Remove a regular file.

async exists(path: str) → bool

Return True if path exists (file or directory).

async list(base_path: str, *, recursive: bool = False) → List[str]

List directory base_path.

Returns:

List of paths, relative to base_path when recursive=True, otherwise direct children.

async mkdir(path: str, *, parents: bool = True, permissions: int | None = None, user: str | None = None) → None

Create directory path (and parents if requested).

async read(path: str, *, binary: bool = False) → str | bytes

Return the full contents of path.

Parameters:

• path – Absolute path of the file.

• binary – If True, return bytes; otherwise decode as text.

async rename(src: str, dest: str) → None

Move or rename a file/directory.

async rmdir(path: str) → None

Recursively remove directory path.

async stat_mtime(path: str) → float

Return last-modified time (UNIX epoch seconds) for path.

Raises:

FileUtilsException if path does not exist. –

async write(path: str, content: str | bytes, *, binary: bool = False, permissions: int | None = None, user: str | None = None) → None

Overwrite or create path with content.

Optional:

permissions - chmod bits (e.g. 0o644) user - chown to given username (requires privilege)

Async interface for creating scoped StorageClient instances.

A connector encapsulates whatever is needed to reach a given storage backend (local path, S3 bucket, in-memory store…). Implementations must: - Verify the backend is reachable (verify_connection) - Verify the caller has access rights (verify_access) - Produce a ready-to-use StorageClient (connect) All three operations are coroutines so event-loop callers remain non-blocking.

class darca_storage.interfaces.storage_connector.StorageConnector

Abstract contract for connecting to any storage backend.

Concrete implementations typically carry configuration (e.g. base_path for local disk, bucket + credentials for S3) and perform lightweight health checks before handing back a StorageClient.

abstractmethod async connect() → LocalFileBackend

Return a SCOPED FileBackend instance, ready for use.

Raises:

• RuntimeError - backend not reachable –

• PermissionError - access denied –

Implementations MUST wrap raw backends with ScopedFileBackend (or equivalent) to enforce path confinement and prevent directory escape.

abstractmethod async verify_access(*, user: str | None = None, permissions: int | None = None) → bool

Verify caller can create, write, and delete inside the backend root.

Parameters:

• user – POSIX username to test chown operations (optional)
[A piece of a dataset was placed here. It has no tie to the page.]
(* With notation as in the context, let $N$ be a $\Gamma$-module and consider the map $\circ\pi\colon\mathcal{H}om_\Gamma(\mathcal{P}_{\le n},N)\to\mathcal{H}om_\Gamma(\mathcal{P},N)$. Use the identifications $\mathrm{H}^i(\mathcal{H}om_\Gamma(\mathcal{P},N))\cong\mathrm{Ext}^i_\Gamma(M,N)$ and, since $\mathcal{P}_{\le n}[-n]=\mathcal{P}$, $\mathrm{H}^{i+n}(\mathcal{H}om_\Gamma(\mathcal{P}_{\le n},N))\cong\mathrm{Ext}^i_\Gamma(M,N)$. Then: (1) The map $\mathrm{Hom}_\Gamma(M,N)\to\mathrm{Ext}^n_\Gamma(M,N)$ induced by $\mathrm{H}^n(\circ\pi)$ is surjective, and its kernel is $\operatorname{Im}(\circ d_0)$, where $\mathrm{Hom}_\Gamma(M,N)$ is identified with $\ker(\circ d_1\colon\mathrm{Hom}_\Gamma(P_0,N)\to\mathrm{Hom}_\Gamma(P_1,N))\subseteq \mathrm{Hom}_\Gamma(P_0,N)$ and $\circ d_0\colon\mathrm{Hom}_\Gamma(P_{n-1},N)\to\mathrm{Hom}_\Gamma(P_0,N)$ is precomposition with $d_0$. (2) For every $i>0$, the map $\mathrm{Ext}^i_\Gamma(M,N)\to\mathrm{Ext}^{i+n}_\Gamma(M,N)$ induced by $\mathrm{H}^{i+n}(\circ\pi)$ is an isomorphism.
   Context: $k$ is a field, $\Gamma$ a $k$-algebra (right modules), $M$ a $\Gamma$-module, $n\ge1$. Given a complex of finitely generated projectives $\mathrm{P}=(0\to P_{n-1}\xrightarrow{d_{n-1}}\cdots\xrightarrow{d_1}P_0\to0)$, $P_i$ in degree $-i$, and $\alpha\colon P_0\to M$, $\beta\colon M\to P_{n-1}$ with $0\to M\xrightarrow{\beta}P_{n-1}\to\cdots\to P_0\xrightarrow{\alpha}M\to0$ exact; $d_0=\beta\circ\alpha$. $\mathcal{P}$ is the projective resolution of $M$ with a copy of $P_i$ (the $\ell$-th copy) in degree $-(\ell n+i)$ for $\ell\ge0$, $0\le i\le n-1$, differential $(-1)^{\ell n}d_i$ from the $\ell$-th copy of $P_i$ to the $\ell$-th copy of $P_{i-1}$ ($i\ge1$) and $(-1)^{\ell n}d_0$ from the $(\ell+1)$-th copy of $P_0$ to the $\ell$-th copy of $P_{n-1}$. $\mathcal{P}_{\le n}$ is the brutal truncation of $\mathcal{P}$ consisting of all copies with $\ell\ge1$ (same degrees and differentials), and $\pi\colon\mathcal{P}\to\mathcal{P}_{\le n}$ is the projection, with kernel the $0$-th copy. $\mathcal{H}om_\Gamma(-,N)$ denotes the Hom complex, graded so that $\mathrm{H}^i(\mathcal{H}om_\Gamma(\mathcal{P},N))\cong\mathrm{Ext}^i_\Gamma(M,N)$; $[1]$ shifts to the left with a sign on the differential. *)

theory Defs
  imports "HOL-Algebra.Algebra"
begin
• permissions – chmod bits to test permission propagation (optional)

abstractmethod async verify_connection() → bool

Lightweight check: does the backend exist / respond?

Examples

• Local path exists

• S3 bucket HeadBucket succeeds

class darca_storage.interfaces.credential_aware.CredentialAware

Interface for backends or connectors that accept runtime credentials.

Implementations may use credentials for authentication, authorization, token exchange, scoped access, or other runtime configuration.

abstractmethod inject_credentials(credentials: Dict[str, str]) → None

Provide credential material to the backend or connector.

Parameters:

credentials (dict) – Key-value credential map

---

Exceptions

exception darca_storage.exceptions.StorageClientPathViolation(attempted_path: str, base_path: str)

Bases: DarcaException

Raised when a requested path escapes the storage client’s base boundary.